section \<open>The activated state\<close>

lemma op_mult_op_adj_embedded:
  assumes "finite H" "inj_on t A" "t ` A \<subseteq> H"
    and E_0: "\<And>z w. z \<notin> t ` A \<or> w \<notin> t ` A \<Longrightarrow> E z w = 0"
    and "f \<in> H" "g \<in> H"
  shows "op_mult H (op_mult H U E) (op_adj U) f g =
    (\<Sum>i\<in>A. \<Sum>l\<in>A. U f (t i) * E (t i) (t l) * cnj (U g (t l)))"
proof -
  have UE: "op_mult H U E f w = (\<Sum>i\<in>A. U f (t i) * E (t i) w)" if "w \<in> H" for w
    using assms that by (simp add: op_mult_def sum_over_inj_image)
  have "op_mult H (op_mult H U E) (op_adj U) f g = (\<Sum>w\<in>H. op_mult H U E f w * cnj (U g w))"
    using assms(5,6) by (simp add: op_mult_def op_adj_def)
  also have "\<dots> = (\<Sum>l\<in>A. op_mult H U E f (t l) * cnj (U g (t l)))"
    using assms(1-3) by (intro sum_over_inj_image) (auto simp: UE E_0)
  also have "\<dots> = (\<Sum>l\<in>A. \<Sum>i\<in>A. U f (t i) * E (t i) (t l) * cnj (U g (t l)))"
    using assms(3) by (intro sum.cong) (auto simp: UE sum_distrib_right)
  finally show ?thesis by (rule trans) (rule sum.swap)
qed

lemma U_A_unflagged:
  assumes "f \<in> Hfull d" "i < d"
  shows "U_A d f (unflagged i) = (if f = flagged i then 1 else 0)"
proof -
  have "f = flagged i \<longleftrightarrow> f 0 = i \<and> (\<forall>p\<in>{1..d}. f p = (if p = Suc i then 1 else 0))"
    using assms by (auto simp: configs_def flagged_def fun_eq_iff)
  then show ?thesis
    using assms unflagged_in_Hfull[OF assms(2)] by (auto simp: U_A_def unflagged_def)
qed
lemma L2_kernelK:
  assumes "a \<in> schwartz" and "b \<in> schwartz" and "c \<in> symbol_class_inf"
  shows "L2 (kernelK a b c \<tau>)"
  unfolding L2_def
proof
  obtain G where G: "\<And>z. (norm (kernelK a b c \<tau> z))\<^sup>2 \<le> G * decay_weight z"
    using kernelK_square_bound[OF assms, of "norm \<tau>"] by blast
  show m: "kernelK a b c \<tau> \<in> borel_measurable lborel"
    by (rule kernelK_measurable[OF assms])
  show "integrable lborel (\<lambda>z. (norm (kernelK a b c \<tau> z))\<^sup>2)"
  proof (rule Bochner_Integration.integrable_bound)
    show "integrable lborel (\<lambda>z. G * decay_weight z)"
      by (intro integrable_mult_right integrable_decay_weight)
    show "AE z in lborel. norm ((norm (kernelK a b c \<tau> z))\<^sup>2) \<le> norm (G * decay_weight z)"
      using G by (intro AE_I2) (smt (verit) real_norm_def zero_le_power2)
  qed (use m in measurable)
qed
lemma Inter_pullback_subset_K: "(\<Inter>m. pullback A m) \<subseteq> K"
proof
  have step: "y \<in> U' \<and> f y \<in> (\<Inter>m. pullback A m)" if "y \<in> (\<Inter>m. pullback A m)" for y
  proof -
    have "y \<in> pullback A (Suc m)" for m using that by blast
    then show ?thesis by simp
  qed
  fix x assume x: "x \<in> (\<Inter>m. pullback A m)"
  have orbit: "(f ^^ n) x \<in> (\<Inter>m. pullback A m)" for n
  proof (induction n)
    case (Suc n)
    then show ?case using step[of "(f ^^ n) x"] by simp
  qed (use x in simp)
  have "(f ^^ n) x \<in> U'" for n using step[OF orbit] by blast
  moreover from this[of 0] have "x \<in> U'" by simp
  ultimately show "x \<in> K" unfolding K_eq filled_julia_def by blast
qed

lemma pullback_covered_by_blocks:
  "x \<in> pullback UNIV k \<Longrightarrow> x \<in> U - K \<Longrightarrow> \<exists>e\<in>blocks d k. x \<in> \<phi> ` Vblock G g e"
proof (induction k arbitrary: x)
  case 0
  then show ?case using phi_image by (auto simp: blocks_def Vblock_def)
next
  case (Suc k)
  then have x: "x \<in> U'" "f x \<in> pullback UNIV k" "f x \<in> U - K"
    using f_in_U filled_julia_iff[of x f U'] K_eq by auto
  then obtain e y where e: "e \<in> blocks d k" "y \<in> disc" "f x = \<phi> (block_map G g e y)"
    using Suc.IH unfolding Vblock_def by blast
  have y': "block_map G g e y \<in> disc" using block_map_in_disc e by (simp add: blocks_def)
  then obtain j where j: "j < d" "x = \<phi> (g j (block_map G g e y))"
    using fibre_eq_lifts[OF y'] x(1) e(3) by blast
  have je: "j # e \<in> blocks d (length (j # e))" using j e by (simp add: blocks_def)
  then have "x = \<phi> (block_map G g (j # e) y)" using phi_block_map_Cons[OF je e(2)] j by simp
  moreover have "j # e \<in> blocks d (Suc k)" using je e by (simp add: blocks_def)
  ultimately show ?case using e(2) unfolding Vblock_def by blast
qed
lemma distr_eq_self_if_inverse_preserves_measure:
  assumes inverse: "\<And>x. x \<in> space M \<Longrightarrow> T x \<in> space M \<and> S x \<in> space M \<and> T (S x) = x \<and> S (T x) = x"
    and preserves: "\<And>A. A \<in> sets M \<Longrightarrow> S ` A \<in> sets M \<and> emeasure M (S ` A) = emeasure M A"
  shows "T \<in> measurable M M" "distr M M T = M"
proof -
  have vimage: "T -` A \<inter> space M = S ` A" if "A \<in> sets M" for A
    using sets.sets_into_space[OF that] inverse by (force simp: image_iff)
  show meas: "T \<in> measurable M M"
    by (rule measurableI) (use inverse vimage preserves in auto)
  show "distr M M T = M"
    by (rule measure_eqI) (simp_all add: emeasure_distr meas vimage preserves)
qed

lemma integral_eq_if_inverse_preserves_measure:
  fixes g :: "'a \<Rightarrow> 'b::{banach,second_countable_topology}"
  assumes "\<And>x. x \<in> space M \<Longrightarrow> T x \<in> space M \<and> S x \<in> space M \<and> T (S x) = x \<and> S (T x) = x"
    and "\<And>A. A \<in> sets M \<Longrightarrow> S ` A \<in> sets M \<and> emeasure M (S ` A) = emeasure M A"
    and "g \<in> borel_measurable M"
  shows "(\<integral>x. g (T x) \<partial>M) = integral\<^sup>L M g"
  using integral_distr[OF distr_eq_self_if_inverse_preserves_measure(1)[OF assms(1,2)] assms(3)]
  by (simp add: distr_eq_self_if_inverse_preserves_measure(2)[OF assms(1,2)])
(* Let $\mathrm{stat}_1,\dots,\mathrm{stat}_m$ be statistics from $\{\mathrm{lmax},\mathrm{rmax},\mathrm{lmin},\mathrm{rmin}\}$, and let $I=\sum_{\pi}t^{|\pi|}z_1^{\mathrm{stat}_1(\pi)}\cdots z_m^{\mathrm{stat}_m(\pi)}$ over irreducible separable permutations and $R$ the same sum over reducible separable permutations. Let $\phi$ be either the reverse or the complement operation, and let $\mathrm{stat}'_1,\dots,\mathrm{stat}'_m$ be statistics such that $\mathrm{stat}'_i(\phi(\pi))=\mathrm{stat}_i(\pi)$ for all permutations $\pi$ and all $i$. Then $I-z_1\cdots z_mt$ and $R+z_1\cdots z_mt$ are the generating functions $\sum_\pi t^{|\pi|}z_1^{\mathrm{stat}'_1(\pi)}\cdots z_m^{\mathrm{stat}'_m(\pi)}$ over reducible and over irreducible separable permutations, respectively.
   Context: A permutation of length $n$ is a word $\pi=\pi_1\cdots\pi_n$ containing each element of $[n]$ exactly once; $|\pi|=n$. Reverse: $r(\pi)=\pi_n\cdots\pi_1$; complement: $c(\pi)=(n+1-\pi_1)\cdots(n+1-\pi_n)$. For $\pi$ of length $m$, $\sigma$ of length $n$: $\pi\oplus\sigma=\pi_1\cdots\pi_m(\sigma_1+m)\cdots(\sigma_n+m)$, $\pi\ominus\sigma=(\pi_1+n)\cdots(\pi_m+n)\sigma_1\cdots\sigma_n$. Separable permutations are those of length $\ge1$ obtained from $1$ by repeatedly applying $\oplus,\ominus$ (equivalently, avoiding $2413$ and $3142$). The permutation $1$ is irreducible; a permutation of length $n\ge2$ is irreducible if there is no $i$, $2\le i\le n$, such that every element of $\pi_1\cdots\pi_{i-1}$ is less than every element of $\pi_i\cdots\pi_n$; reducible means not irreducible (length $\ge2$). $\pi_i$ is a left-to-right maximum (minimum) if $\pi_i>\pi_j$ ($\pi_i<\pi_j$) for all $j<i$, a right-to-left maximum (minimum) if $\pi_i>\pi_j$ ($\pi_i<\pi_j$) for all $j>i$; $\mathrm{lmax},\mathrm{lmin},\mathrm{rmax},\mathrm{rmin}$ count these. *)

theory Defs
  imports "HOL-Computational_Algebra.Formal_Power_Series"
begin
lemma bracket_decay_le_one: "\<beta> \<ge> 0 \<Longrightarrow> bracket_decay \<beta> x \<le> 1"
  unfolding bracket_decay_def using powr_mono2'[of "-\<beta>/2" 1 "1 + (norm x)\<^sup>2"] by simp

lemma abs_bracket_decay_le_one: "\<beta> \<ge> 0 \<Longrightarrow> \<bar>bracket_decay \<beta> x\<bar> \<le> 1"
  using bracket_decay_pos[of \<beta> x] bracket_decay_le_one[of \<beta> x] by simp

lemma bracket_decay_ge:
  assumes "\<beta> \<ge> 0" and "norm x \<le> r"
  shows "(1 + r\<^sup>2) powr (-\<beta>/2) \<le> bracket_decay \<beta> x"
  unfolding bracket_decay_def using assms
  by (intro powr_mono2') (auto intro!: add_pos_nonneg power_mono)

lemma continuous_on_bracket_decay: "continuous_on UNIV (bracket_decay \<beta>)"
  unfolding bracket_decay_def[abs_def]
  by (intro continuous_intros) (auto simp: add_pos_nonneg less_imp_neq[symmetric])

lemma borel_measurable_bracket_decay [measurable]: "bracket_decay \<beta> \<in> borel_measurable borel"
  using continuous_on_bracket_decay by (rule borel_measurable_continuous_onI)

lemma tendsto_bracket_decay_at_infinity:
  assumes "\<beta> > 0"
  shows "(bracket_decay \<beta> \<longlongrightarrow> 0) at_infinity"
  unfolding bracket_decay_def[abs_def]
proof (rule tendsto_neg_powr)
  show "- \<beta> / 2 < 0"
    using assms by simp
  have "filterlim (\<lambda>x::'a. (norm x)\<^sup>2) at_top at_infinity"
    by (intro filterlim_pow_at_top filterlim_norm_at_top) auto
  then show "filterlim (\<lambda>x::'a. 1 + (norm x)\<^sup>2) at_top at_infinity"
    by (rule filterlim_tendsto_add_at_top[OF tendsto_const])
qed

lemma powr_half_power2:
  assumes "(x::real) \<ge> 0"
  shows "(x\<^sup>2) powr (\<gamma>/2) = x powr \<gamma>"
proof -
  have "x\<^sup>2 = x powr 2"
    using assms by simp
  then show ?thesis
    by (simp add: powr_powr)
qed

lemma bracket_decay_le_inverse:
  assumes "\<beta> > 0"
  shows "bracket_decay \<beta> x \<le> 2 / (1 + norm x powr \<beta>)"
proof -
  let ?q = "(1 + (norm x)\<^sup>2) powr (\<beta>/2)"
  have "norm x powr \<beta> \<le> ?q"
    using assms by (subst powr_half_power2[symmetric]) (auto intro: powr_mono2)
  moreover have "1 \<le> ?q"
    using assms by (intro ge_one_powr_ge_zero) auto
  ultimately have "1 + norm x powr \<beta> \<le> 2 * ?q" and "?q > 0"
    by linarith+
  have "bracket_decay \<beta> x = 2 / (2 * ?q)"
    by (simp add: bracket_decay_def powr_minus_divide)
  also have "\<dots> \<le> 2 / (1 + norm x powr \<beta>)"
    using \<open>1 + norm x powr \<beta> \<le> 2 * ?q\<close> \<open>?q > 0\<close>
    by (intro divide_left_mono mult_pos_pos add_pos_nonneg) auto
  finally show ?thesis .
qed

lemma bracket_decay_ge_inverse:
  assumes "\<beta> > 0" and x: "norm x \<ge> 1"
  shows "2 powr (-\<beta>/2) / norm x powr \<beta> \<le> bracket_decay \<beta> x"
proof -
  have "1 + (norm x)\<^sup>2 \<le> 2 * (norm x)\<^sup>2"
    using x by (simp add: one_le_power)
  have "2 powr (-\<beta>/2) / norm x powr \<beta> = 2 powr (-\<beta>/2) * norm x powr (-\<beta>)"
    by (simp add: powr_minus_divide)
  also have "norm x powr (-\<beta>) = ((norm x)\<^sup>2) powr (-\<beta>/2)"
    by (rule powr_half_power2[symmetric]) simp
  also have "2 powr (-\<beta>/2) * ((norm x)\<^sup>2) powr (-\<beta>/2) = (2 * (norm x)\<^sup>2) powr (-\<beta>/2)"
    by (rule powr_mult[symmetric])
  also have "\<dots> \<le> bracket_decay \<beta> x"
    unfolding bracket_decay_def using assms \<open>1 + (norm x)\<^sup>2 \<le> 2 * (norm x)\<^sup>2\<close>
    by (intro powr_mono2') (auto simp: add_pos_nonneg)
  finally show ?thesis .
qed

+++++

Activity ::
Check each line of the material above for the string "ultimately". Please count those that have it and reply with the number only.

Written solution ::
3